Western diplomats predict Kosovo's two million ethnic Albanians, representing a 90 percent majority, will get independence by the end of the year, courtesy of the United Nations and against the will of Serbia if the Belgrade government does not change its stance.

More by innuendo than open threat, the Serbs are saying: amputate Kosovo and you can watch Bosnia fall apart too, as 1.4 million ethnic Serbs elect to part company with 2.6 million Muslim Bosniaks and ethnic Croats.

Legally, no party in Bosnia has the right to secede. But then neither does Kosovo, on paper.

"We are the guarantor of peace and the constitution in this state, and it is our responsibility that Bosnia's integrity remains intact," U.S. ambassador Douglas McElhaney told the Bosnian Serb daily Nezavisne Novine earlier this month.

"Anyone who brings into question this integrity should know that we do not forget," warned McElhaney, whose office issued a further statement on Monday saying "there will be no referendum ... and that is the official policy of the U.S. government".

GENIE OUT OF THE BOTTLE

Politically, however, there is at least a theoretical risk that a determined 'people's power' movement to demand an independence referendum could become hard to resist.

EU foreign ministers warned about inflammatory campaign rhetoric last Friday, after Bosnian Serb Prime Minister Milorad Dodik said Serbs "did not see their long-term future" in Bosnia.

Dodik warned secession would be an option if the Serb Republic were scrapped or lost its autonomy, as demanded by some Muslims and Croats who believe Bosnia can never become a unified state as long as half the country demands a separate identity.

Secession rhetoric frothed up in May after Montenegro voted to end ties to Serbia and declare an independent republic, now fully recognised and pursuing European Union membership.

Analysts say it was not surprising that Bosnian Serbs would envy the Montenegrin move and think of copying it, but it remains to be seen how genuine their threat really is.

Bosnia's international peace overseers say the separatist rhetoric is simply an ingredient in an unusually heated general election campaign, inflamed by the Serbs' defiant rejection of international demands to forge a single police force for Bosnia.

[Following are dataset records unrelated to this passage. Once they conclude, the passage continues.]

lemma derivatives_in_add:
  fixes f g :: "'a::real_normed_vector \<Rightarrow> 'b::real_normed_vector"
  assumes f: "derivatives_in S B f" and g: "derivatives_in S B g"
    and B_add: "\<And>u w. u \<in> B \<Longrightarrow> w \<in> B \<Longrightarrow> (\<lambda>x. u x + w x) \<in> B"
  shows "derivatives_in S B (\<lambda>x. f x + g x)"
  unfolding derivatives_in_def
proof (intro conjI allI)
  show "\<forall>x\<in>S. (\<lambda>x. f x + g x) differentiable (at x)"
    using f g by (auto simp: derivatives_in_def)
  fix v
  obtain u w where "u \<in> B" "w \<in> B"
    "\<forall>x\<in>S. frechet_derivative f (at x) v = u x" "\<forall>x\<in>S. frechet_derivative g (at x) v = w x"
    using f g unfolding derivatives_in_def by meson
  moreover have "frechet_derivative (\<lambda>x. f x + g x) (at x) =
      (\<lambda>v. frechet_derivative f (at x) v + frechet_derivative g (at x) v)" if "x \<in> S" for x
    using f g that
    by (intro frechet_derivative_at[symmetric] has_derivative_add)
      (auto simp: derivatives_in_def frechet_derivative_works)
  ultimately show "\<exists>q\<in>B. \<forall>x\<in>S. frechet_derivative (\<lambda>x. f x + g x) (at x) v = q x"
    by (intro bexI[of _ "\<lambda>x. u x + w x"] B_add) auto
qed
(* Let $U$ be a fixed finite set and let $S\subseteq V\subseteq U$ be random sets such that $\Pr[I\in S\mid I\in V]\ge p>2/3$ for all $I\in U$. Suppose $(V,E)$ is a (random) graph on vertex set $V$ consisting of $k$ connected components, each of which is a cycle or a path. Then \[ \mathbb{E}[|V|]\le\frac{2\mathbb{E}[k]+\mathbb{E}[|T^S|]}{3p-2}. \]
   Context: For a graph $(V,E)$ and $S\subseteq V$, $T^S$ denotes the set of vertices $v\in S$ having at least $2$ neighbors in $S$. *)

theory Defs
  imports "HOL-Probability.Probability"
begin

definition simple_graph :: "'a set \<Rightarrow> 'a set set \<Rightarrow> bool" where
  "simple_graph V E \<longleftrightarrow> (\<forall>e\<in>E. card e = 2 \<and> e \<subseteq> V)"

definition adj :: "'a set set \<Rightarrow> 'a \<Rightarrow> 'a \<Rightarrow> bool" where
  "adj E u v \<longleftrightarrow> {u, v} \<in> E"

definition component :: "'a set \<Rightarrow> 'a set set \<Rightarrow> 'a \<Rightarrow> 'a set" where
  "component V E v = {u \<in> V. (adj E)\<^sup>*\<^sup>* v u}"

definition components :: "'a set \<Rightarrow> 'a set set \<Rightarrow> 'a set set" where
  "components V E = component V E ` V"

definition is_path_on :: "'a set \<Rightarrow> 'a set set \<Rightarrow> bool" where
  "is_path_on C E \<longleftrightarrow> (\<exists>xs. distinct xs \<and> set xs = C \<and>
     {e \<in> E. e \<subseteq> C} = {{xs ! i, xs ! (i + 1)} | i. i + 1 < length xs})"

definition is_cycle_on :: "'a set \<Rightarrow> 'a set set \<Rightarrow> bool" where
  "is_cycle_on C E \<longleftrightarrow> (\<exists>xs. distinct xs \<and> length xs \<ge> 3 \<and> set xs = C \<and>
     {e \<in> E. e \<subseteq> C} = {{xs ! i, xs ! ((i + 1) mod length xs)} | i. i < length xs})"

definition TS :: "'a set set \<Rightarrow> 'a set \<Rightarrow> 'a set" where
  "TS E S = {v \<in> S. card {u \<in> S. adj E v u} \<ge> 2}"

end

theory Submission
  imports Defs
begin

text \<open>
  Pointwise, \<open>3 |S| \<le> 2 |V| + 2 k + |T\<^sup>S|\<close>. As every vertex has degree at most 2,
  double counting in the subgraph induced by \<open>S\<close> gives \<open>2 |E(S)| \<le> |S| + |T\<^sup>S|\<close>;
  every edge outside \<open>E(S)\<close> meets \<open>V - S\<close>, so \<open>|E| \<le> |E(S)| + 2 |V - S|\<close>;
  and a path or cycle on \<open>C\<close> has at least \<open>|C| - 1\<close> edges, so \<open>|V| \<le> |E| + k\<close>.
  Taking expectations and writing \<open>E|S| = \<Sum>\<^sub>I P[I \<in> S] \<ge> p \<Sum>\<^sub>I P[I \<in> V] = p E|V|\<close>
  yields \<open>(3p - 2) E|V| \<le> 2 E k + E|T\<^sup>S|\<close>.
\<close>

text \<open>Both shapes of component have edge sets of this form: a cycle with \<open>I = {..<n}\<close>,
  a path with \<open>I = {i. i + 1 < n}\<close>.\<close>

definition cyclic_edges :: "'a list \<Rightarrow> nat set \<Rightarrow> 'a set set" where
  "cyclic_edges xs I = (\<lambda>i. {xs ! i, xs ! (Suc i mod length xs)}) ` I"

lemma inj_on_Suc_mod: "inj_on (\<lambda>i. Suc i mod n) {..<n}"
  by (rule inj_onI) (auto simp: mod_if split: if_splits)

lemma card_neighbours_cyclic_edges_le_2:
  assumes "distinct xs" "I \<subseteq> {..<length xs}"
  shows "card {u. {v, u} \<in> cyclic_edges xs I} \<le> 2"
proof -
  let ?n = "length xs" and ?s = "\<lambda>i. Suc i mod length xs"
  let ?A = "{i \<in> I. xs ! i = v}" and ?B = "{i \<in> I. xs ! ?s i = v}"
  have idx: "\<And>i j. i < ?n \<Longrightarrow> j < ?n \<Longrightarrow> xs ! i = xs ! j \<Longrightarrow> i = j"
    using assms(1) nth_eq_iff_index_eq by blast
  have s_lt: "\<And>i. i \<in> I \<Longrightarrow> ?s i < ?n"
    using assms(2) by (auto intro!: mod_less_divisor)
  have fin: "finite ?A" "finite ?B"
    using assms(2) by (auto intro: finite_subset)
  have "\<forall>i\<in>?A. \<forall>j\<in>?A. i = j"
    using assms(2) idx by (metis (mono_tags, lifting) lessThan_iff mem_Collect_eq subsetD)
  then have card_A: "card ?A \<le> 1"
    using card_le_Suc0_iff_eq[OF fin(1)] by simp
  have "\<forall>i\<in>?B. \<forall>j\<in>?B. i = j"
    using assms(2) idx s_lt inj_onD[OF inj_on_Suc_mod] by (metis (mono_tags, lifting) mem_Collect_eq subsetD)
  then have card_B: "card ?B \<le> 1"
    using card_le_Suc0_iff_eq[OF fin(2)] by simp
  txt \<open>A neighbour of \<open>v\<close> follows or precedes it; by injectivity of \<open>(!) xs\<close> and of \<open>?s\<close>
    each case has at most one index.\<close>
  have "{u. {v, u} \<in> cyclic_edges xs I} \<subseteq> (\<lambda>i. xs ! ?s i) ` ?A \<union> (!) xs ` ?B"
    by (auto simp: cyclic_edges_def doubleton_eq_iff)
  then have "card {u. {v, u} \<in> cyclic_edges xs I} \<le> card ((\<lambda>i. xs ! ?s i) ` ?A \<union> (!) xs ` ?B)"
    using fin by (intro card_mono) auto
  also have "\<dots> \<le> card ?A + card ?B"
    using fin by (meson card_Un_le card_image_le add_mono order_trans)
  finally show ?thesis
    using card_A card_B by linarith
qed

lemma card_cyclic_edges_path:
  assumes "distinct xs"
  shows "card (cyclic_edges xs {i. Suc i < length xs}) = length xs - 1"
proof -
  have "inj_on (\<lambda>i. {xs ! i, xs ! (Suc i mod length xs)}) {i. Suc i < length xs}"
    using assms by (intro inj_onI) (auto simp: doubleton_eq_iff nth_eq_iff_index_eq)
  then have "card (cyclic_edges xs {i. Suc i < length xs}) = card {i. Suc i < length xs}"
    unfolding cyclic_edges_def by (rule card_image)
  also have "card {i. Suc i < length xs} = length xs - 1"
    using card_lessThan[of "length xs - 1"] by (simp add: less_diff_conv lessThan_def)
  finally show ?thesis .
qed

Senad Slatina of Sarajevo Center for European Integration Strategies (CEIS) says Dodik's talk can cut both ways. Besides pandering to secessionists, it wards off any threat to an ethnically exclusive Serb Republic.

"It is just a continuation of (Radovan) Karadzic's wartime policies," he said, referring to the fugitive Serb wartime leader wanted by the U.N. war crimes court on genocide charges.

"It is obvious that we are bracing for a very serious political crisis because of the Serbs' attitude," Slatina said.

Instead of completing a Stabilisation and Association Agreement (SAA) with the EU -- the first rung on the ladder to membership -- talks could be blocked by Dodik's opposition to the EU-sponsored police unification plan.

But polls show secession is popular, and Dodik may have let the genie out of the bottle, said Serb analyst Tanja Topic.

"I think he himself has been surprised with the response to all this and he has left himself very little space for manoeuvre. He's very close to the wall," said Topic.

"I think he knows he'll have to abandon this idea at a certain point. But we'll just have to wait and see."